"Le Voyage"
There is something about a hand muting vibrating strings on an acoustic guitar that has left me unable to think of anything other than Extreme’s tawdry ’90s ballad ‘More Than Words’. So it is to my unmistakably mild discontent to hear The Alps’ latest album open with ‘Drop In’ which features that agonisingly percussive palm slap throughout their otherwise dreamy, arpeggiated landscape.
Le Voyage is strung together by mysterious, haunting and possibly unnecessary vignettes of sound that seem to suggest The Alps’ desire to be recognised as a contemporary, experimental band. Frequently interesting though these little stops may be, they have a tendency to disrupt the flow of an otherwise intriguing record that, in essence, is simple to come to terms with but not as adventurous as it could be.
With settings set to psychedelic, Le Voyage presents itself as drug music for people who have never taken drugs, or simply can’t take them any more. That, in itself, is no bad thing, and the trio’s arrangements are occasionally reminiscent of late period Pink Floyd with a production style akin to that found on a remastered Nick Drake LP. Not bad names to be associated with, but the audible lack of danger permeating the record means that a majority of The Alps’ fourth excursion comes over as background music – which it is perhaps intended to be.
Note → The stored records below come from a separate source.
lemma prob_distinct_seen_ge:
  assumes "K > 0"
  shows "measure_pmf.prob (coupon_samples K N) {f. real K - real m \<le> real (distinct_seen N f)}
           = 1 - measure_pmf.prob (coupon_samples K N) {f. m + 1 \<le> card ({..<K} - f ` {..<N})}"
proof -
  let ?\<Omega> = "PiE {..<N} (\<lambda>_. {..<K})"
  have "?\<Omega> \<noteq> {}"
    using assms by (auto simp: PiE_eq_empty_iff)
  hence "set_pmf (coupon_samples K N) = ?\<Omega>"
    by (simp add: coupon_samples_def finite_PiE)
  moreover have "card ({..<K} - f ` {..<N}) = K - distinct_seen N f" if "f \<in> ?\<Omega>" for f
  proof -
    have "f ` {..<N} \<subseteq> {..<K}"
      using that by (auto simp: PiE_def Pi_def)
    thus ?thesis
      by (simp add: distinct_seen_def card_Diff_subset finite_subset)
  qed
  ultimately have "AE f in coupon_samples K N.
      f \<in> {f. real K - real m \<le> real (distinct_seen N f)}
        \<longleftrightarrow> f \<in> UNIV - {f. m + 1 \<le> card ({..<K} - f ` {..<N})}"
    by (intro AE_pmfI) auto
  hence "measure_pmf.prob (coupon_samples K N) {f. real K - real m \<le> real (distinct_seen N f)}
           = measure_pmf.prob (coupon_samples K N) (UNIV - {f. m + 1 \<le> card ({..<K} - f ` {..<N})})"
    by (rule measure_pmf.finite_measure_eq_AE) simp_all
  thus ?thesis
    using measure_pmf.prob_compl[of _ "coupon_samples K N"] by simp
qed

text \<open>\<open>z = chernoff_base \<psi> s\<close> minimises \<open>(1 + (z - 1) \<psi> exp (- s))^K / z^(\<psi>K)\<close>, the Markov bound
  for at least \<open>\<psi>K\<close> misses among \<open>K\<close> types missed independently with probability \<open>\<psi> exp (- s)\<close>;
  the minimum is \<open>exp (- K * chernoff_exponent \<psi> s)\<close>.\<close>
definition chernoff_base :: "real \<Rightarrow> real \<Rightarrow> real" where
  "chernoff_base \<psi> s = (exp s - \<psi>) / (1 - \<psi>)"

definition chernoff_exponent :: "real \<Rightarrow> real \<Rightarrow> real" where
  "chernoff_exponent \<psi> s = s - (1 - \<psi>) * ln (chernoff_base \<psi> s)"

lemma chernoff_base_ge_one:
  assumes "\<psi> < 1" "s \<ge> 0"
  shows "chernoff_base \<psi> s \<ge> 1"
  using assms by (simp add: chernoff_base_def field_simps)

lemma chernoff_base_mgf_identity:
  assumes "\<psi> \<noteq> 1"
  shows "1 + (chernoff_base \<psi> s - 1) * (\<psi> * exp (- s)) = chernoff_base \<psi> s * exp (- s)"
  using assms by (simp add: chernoff_base_def field_simps exp_minus)

lemma sqrt_gap_deriv_le_chernoff_exponent_deriv:
  fixes \<psi> c x :: real
  assumes \<psi>: "0 < \<psi>" "\<psi> < 1" and c: "c \<ge> 1 - \<psi>" and x: "x \<ge> 0"
  shows "\<psi> * (1 - c / sqrt (c\<^sup>2 + 2 * x * c)) \<le> \<psi> * (exp x - 1) / (exp x - \<psi>)"
proof -
  have c_pos: "c > 0" using c \<psi> by simp
  have exp_gap: "exp x - \<psi> \<ge> 1 - \<psi> + x"
    using exp_ge_add_one_self[of x] by simp
  hence exp_gap_pos: "exp x - \<psi> > 0"
    using \<psi> x by linarith
  have "(1 - \<psi>)\<^sup>2 * (c\<^sup>2 + 2 * x * c) = c\<^sup>2 * (1 - \<psi>)\<^sup>2 + 2 * x * c * ((1 - \<psi>) * (1 - \<psi>))"
    by (simp add: algebra_simps power2_eq_square)
  also have "\<dots> \<le> c\<^sup>2 * (1 - \<psi>)\<^sup>2 + 2 * x * c * (c * (1 - \<psi>))"
    using c \<psi> x c_pos by (intro add_left_mono mult_left_mono mult_right_mono) auto
  also have "\<dots> \<le> c\<^sup>2 * (1 - \<psi> + x)\<^sup>2"
    using x c_pos \<psi> by (simp add: power2_eq_square algebra_simps)
  also have "\<dots> \<le> c\<^sup>2 * (exp x - \<psi>)\<^sup>2"
    using exp_gap \<psi> x by (intro mult_left_mono power_mono) auto
  finally have "sqrt ((1 - \<psi>)\<^sup>2 * (c\<^sup>2 + 2 * x * c)) \<le> sqrt (c\<^sup>2 * (exp x - \<psi>)\<^sup>2)"
    by simp
  hence "(1 - \<psi>) * sqrt (c\<^sup>2 + 2 * x * c) \<le> c * (exp x - \<psi>)"
    using \<psi> c_pos exp_gap_pos by (simp add: real_sqrt_mult)
  moreover have "0 < c\<^sup>2 + 2 * x * c"
    using c_pos x by (simp add: add_pos_nonneg)
  ultimately have "(1 - \<psi>) / (exp x - \<psi>) \<le> c / sqrt (c\<^sup>2 + 2 * x * c)"
    using exp_gap_pos by (simp add: divide_simps mult.commute)
  moreover have "(exp x - 1) / (exp x - \<psi>) = 1 - (1 - \<psi>) / (exp x - \<psi>)"
    using exp_gap_pos by (simp add: field_simps)
  ultimately show ?thesis
    using \<psi> by (simp add: mult_left_mono flip: times_divide_eq_right)
qed

lemma sqrt_gap_le_chernoff_exponent:
  fixes \<psi> c s :: real
  assumes \<psi>: "0 < \<psi>" "\<psi> < 1" and c: "c \<ge> 1 - \<psi>" and s: "s \<ge> 0"
  shows "\<psi> * (c + s - sqrt (c\<^sup>2 + 2 * s * c)) \<le> chernoff_exponent \<psi> s"
proof -
  have c_pos: "c > 0" using c \<psi> by simp
  define g where
    "g x = x - (1 - \<psi>) * (ln (exp x - \<psi>) - ln (1 - \<psi>)) - \<psi> * (c + x - sqrt (c\<^sup>2 + 2 * x * c))"
    for x
  have g_deriv: "(g has_real_derivative
      \<psi> * (exp x - 1) / (exp x - \<psi>) - \<psi> * (1 - c / sqrt (c\<^sup>2 + 2 * x * c))) (at x)"
    if "x \<ge> 0" for x
  proof -
    have "exp x \<ge> 1"
      using that by simp
    hence exp_gap_pos: "exp x - \<psi> > 0"
      using \<psi> by linarith
    have "0 < c\<^sup>2 + 2 * x * c"
      using that c_pos by (simp add: add_pos_nonneg)
    hence "((\<lambda>x. sqrt (c\<^sup>2 + 2 * x * c)) has_real_derivative c / sqrt (c\<^sup>2 + 2 * x * c)) (at x)"
      by (auto intro!: derivative_eq_intros simp: field_simps)
    moreover have "((\<lambda>x. ln (exp x - \<psi>)) has_real_derivative exp x / (exp x - \<psi>)) (at x)"
      using exp_gap_pos by (auto intro!: derivative_eq_intros)
    ultimately have "(g has_real_derivative (1 - (1 - \<psi>) * (exp x / (exp x - \<psi>) - 0))
             - \<psi> * (0 + 1 - c / sqrt (c\<^sup>2 + 2 * x * c))) (at x)"
      unfolding g_def by (intro DERIV_diff DERIV_cmult DERIV_add DERIV_ident DERIV_const)
    moreover have "1 - (1 - \<psi>) * (exp x / (exp x - \<psi>) - 0) = \<psi> * (exp x - 1) / (exp x - \<psi>)"
      using exp_gap_pos by (simp add: field_simps)
    ultimately show ?thesis
      by simp
  qed
  have "g 0 \<le> g s"
  proof (rule DERIV_nonneg_imp_increasing_open[OF s])
    fix x :: real assume "0 < x"
    hence "x \<ge> 0" by simp
    thus "\<exists>y. (g has_real_derivative y) (at x) \<and> y \<ge> 0"
      using g_deriv sqrt_gap_deriv_le_chernoff_exponent_deriv[OF \<psi> c] by force
  next
    show "continuous_on {0..s} g"
      using g_deriv by (intro DERIV_continuous_on) (auto intro: has_field_derivative_at_within)
  qed
  moreover have "g 0 = 0"
    using c_pos by (simp add: g_def)
  moreover have "exp s - \<psi> > 0"
    using \<psi> s one_le_exp_iff[of s] by linarith
  ultimately show ?thesis
    using \<psi> by (simp add: g_def chernoff_exponent_def chernoff_base_def ln_div)
qed

lemma one_plus_mult_exp_inverse_power_le:
  fixes y :: real
  assumes K: "real K \<ge> 2" and y: "y \<ge> 0"
  shows "(1 + y * exp (1 / real K)) ^ K \<le> exp (2 * y / (1 + y)) * (1 + y) ^ K"
proof -
  have "exp (1 / real K) \<le> 1 + 2 * (1 / real K)"
    using K by (intro real_exp_bound_lemma) (simp_all add: field_simps)
  hence "1 + y * exp (1 / real K) \<le> 1 + y * (1 + 2 * (1 / real K))"
    using y by (intro add_left_mono mult_left_mono)
  also have "\<dots> = (1 + y) * (1 + (2 * y / (1 + y)) / real K)"
  proof -
    have "1 + y \<noteq> 0"
      using y by simp
    thus ?thesis
      by (simp add: distrib_left)
  qed
  finally have "(1 + y * exp (1 / real K)) ^ K \<le> (1 + y) ^ K * (1 + (2 * y / (1 + y)) / real K) ^ K"
    using y by (simp add: power_mono flip: power_mult_distrib)
  also have "\<dots> \<le> (1 + y) ^ K * exp (2 * y / (1 + y))"
  proof -
    have "- real K \<le> 2 * y / (1 + y)"
      using y by (smt (verit) divide_nonneg_nonneg of_nat_0_le_iff)
    thus ?thesis
      using K y by (intro mult_left_mono exp_ge_one_plus_x_over_n_power_n) auto
  qed
  finally show ?thesis
    by (simp add: mult.commute)
qed

lemma chernoff_power_le:
  fixes \<psi> \<delta> s z :: real
  assumes "\<psi> * real K = real m" "\<delta> > 0" "z > 0"
    and "ln (1 / \<delta>) \<le> real K * (s - (1 - \<psi>) * ln z)"
  shows "(z * exp (- s)) ^ K \<le> \<delta> * z ^ m"
proof -
  have "(z * exp (- s)) ^ K = exp (real K * ln z) * exp (real K * (- s))"
    by (simp only: exp_of_nat_mult power_mult_distrib exp_ln[OF assms(3)])
  also have "\<dots> = exp (real K * ln z + real K * (- s))"
    by (rule exp_add[symmetric])
  also have "real K * ln z + real K * (- s) = - (real K * (s - (1 - \<psi>) * ln z)) + real m * ln z"
    by (simp add: algebra_simps flip: assms(1))
  also have "exp \<dots> = exp (- (real K * (s - (1 - \<psi>) * ln z))) * exp (real m * ln z)"
    by (rule exp_add)
  also have "\<dots> \<le> \<delta> * exp (real m * ln z)"
    using assms(2,4) by (simp add: ln_div ln_ge_iff[symmetric])
  also have "exp (real m * ln z) = z ^ m"
    using assms(3) by (simp add: exp_of_nat_mult)
  finally show ?thesis .
qed

text \<open>Rounding the sample size down costs a factor \<open>exp (1/K)\<close> in \<open>(1 - 1/K)^N\<close>, which is absorbed
  by one extra factor \<open>z\<close>; hence \<open>m + 1\<close> rather than \<open>m\<close>.\<close>
lemma unseen_mgf_le:
  fixes \<psi> \<delta> s :: real
  assumes \<psi>: "0 < \<psi>" "2 * \<psi> \<le> 1" and m: "\<psi> * real K = real m" "m > 0"
    and s: "s \<ge> 0" and \<delta>: "\<delta> > 0"
    and exponent: "ln (1 / \<delta>) \<le> real K * chernoff_exponent \<psi> s"
    and N: "real K * (ln (1 / \<psi>) + s) - 1 \<le> real N"
  shows "(1 + (chernoff_base \<psi> s - 1) * (1 - 1 / real K) ^ N) ^ K \<le> \<delta> * chernoff_base \<psi> s ^ (m + 1)"
proof -
  define z where "z = chernoff_base \<psi> s"
  define y where "y = (z - 1) * (\<psi> * exp (- s))"
  have z: "z \<ge> 1"
    using \<psi> s chernoff_base_ge_one by (simp add: z_def)
  have y: "y \<ge> 0" "1 + y = z * exp (- s)"
    using z \<psi> chernoff_base_mgf_identity[of \<psi> s] by (simp_all add: y_def z_def)
  have K: "real K \<ge> 2"
  proof -
    have "1 \<le> \<psi> * real K"
      using m by simp
    also have "\<dots> \<le> real K / 2"
      using mult_right_mono[OF \<psi>(2), of "real K"] by simp
    finally show ?thesis by simp
  qed
  have "(1 - 1 / real K) ^ N \<le> exp (- 1 / real K) ^ N"
    using K exp_ge_add_one_self[of "- 1 / real K"] by (intro power_mono) simp_all
  also have "\<dots> = exp (- (real N / real K))"
    by (simp add: exp_of_nat_mult[symmetric])
  also have "\<dots> \<le> exp (- (ln (1 / \<psi>) + s) + 1 / real K)"
    using N K by (simp add: field_simps)
  also have "\<dots> = \<psi> * exp (- s) * exp (1 / real K)"
    using \<psi> by (simp add: exp_add exp_diff ln_div exp_minus field_simps)
  finally have "(1 - 1 / real K) ^ N \<le> \<psi> * exp (- s) * exp (1 / real K)" .
  moreover have "0 \<le> (1 - 1 / real K) ^ N"
    using K by simp
  ultimately have "(1 + (z - 1) * (1 - 1 / real K) ^ N) ^ K \<le> (1 + y * exp (1 / real K)) ^ K"
    using z by (intro power_mono) (simp_all add: y_def mult_left_mono mult.assoc)
  also have "\<dots> \<le> exp (2 * y / (1 + y)) * (1 + y) ^ K"
    using K y(1) by (rule one_plus_mult_exp_inverse_power_le)
  also have "\<dots> \<le> z * (z * exp (- s)) ^ K"
  proof -
    have "2 * y / (1 + y) = (2 * \<psi>) * (1 - 1 / z)"
      using y z by (simp add: y_def field_simps)
    also have "\<dots> \<le> 1 - 1 / z"
      using \<psi> z by (simp add: mult_left_le_one_le)
    also have "\<dots> \<le> ln z"
      using ln_le_minus_one[of "1 / z"] z by (simp add: ln_div)
    finally have "exp (2 * y / (1 + y)) \<le> z"
      using z by (simp add: ln_ge_iff)
    thus ?thesis
      unfolding y(2)[symmetric] using y(1) by (simp add: mult_right_mono)
  qed
  also have "\<dots> \<le> z * (\<delta> * z ^ m)"
    using chernoff_power_le[OF m(1) \<delta>, of z s] exponent z
    by (simp add: chernoff_exponent_def z_def mult_left_mono)
  finally show ?thesis
    by (simp add: z_def algebra_simps)
qed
The sturdy and consistent use of 12-string acoustic guitars twinned with fuzzed out single string melodies is most successful on ‘St. Laurent,’ which has a wonderful sparsity cleft tidily by the staggered thuds of a picked bass guitar. Again, when the hauntological interludes arrive, they don’t so much tie the seams as split them. ‘Saturno Control’ is where both styles collide: a descending chord progression is mournfully strummed out as a Roland Space Echo is employed for extraneous noise; a judicious use of phasing on an ascending guitar makes the whole sound like a twisted reinterpretation of McCartney’s ‘Junk’.
Beatles influences continue across ‘Black Mountain’, ‘Telepathe’ and ‘Le Voyage’ which all feature tampura drone or sitar melodies catapulted into an explosive climax. Le Voyage is ultimately more of an implication than a direction, and it’s previous album III that more capably demonstrates The Alps’ strengths, combined vision and melodic intentions than their latest.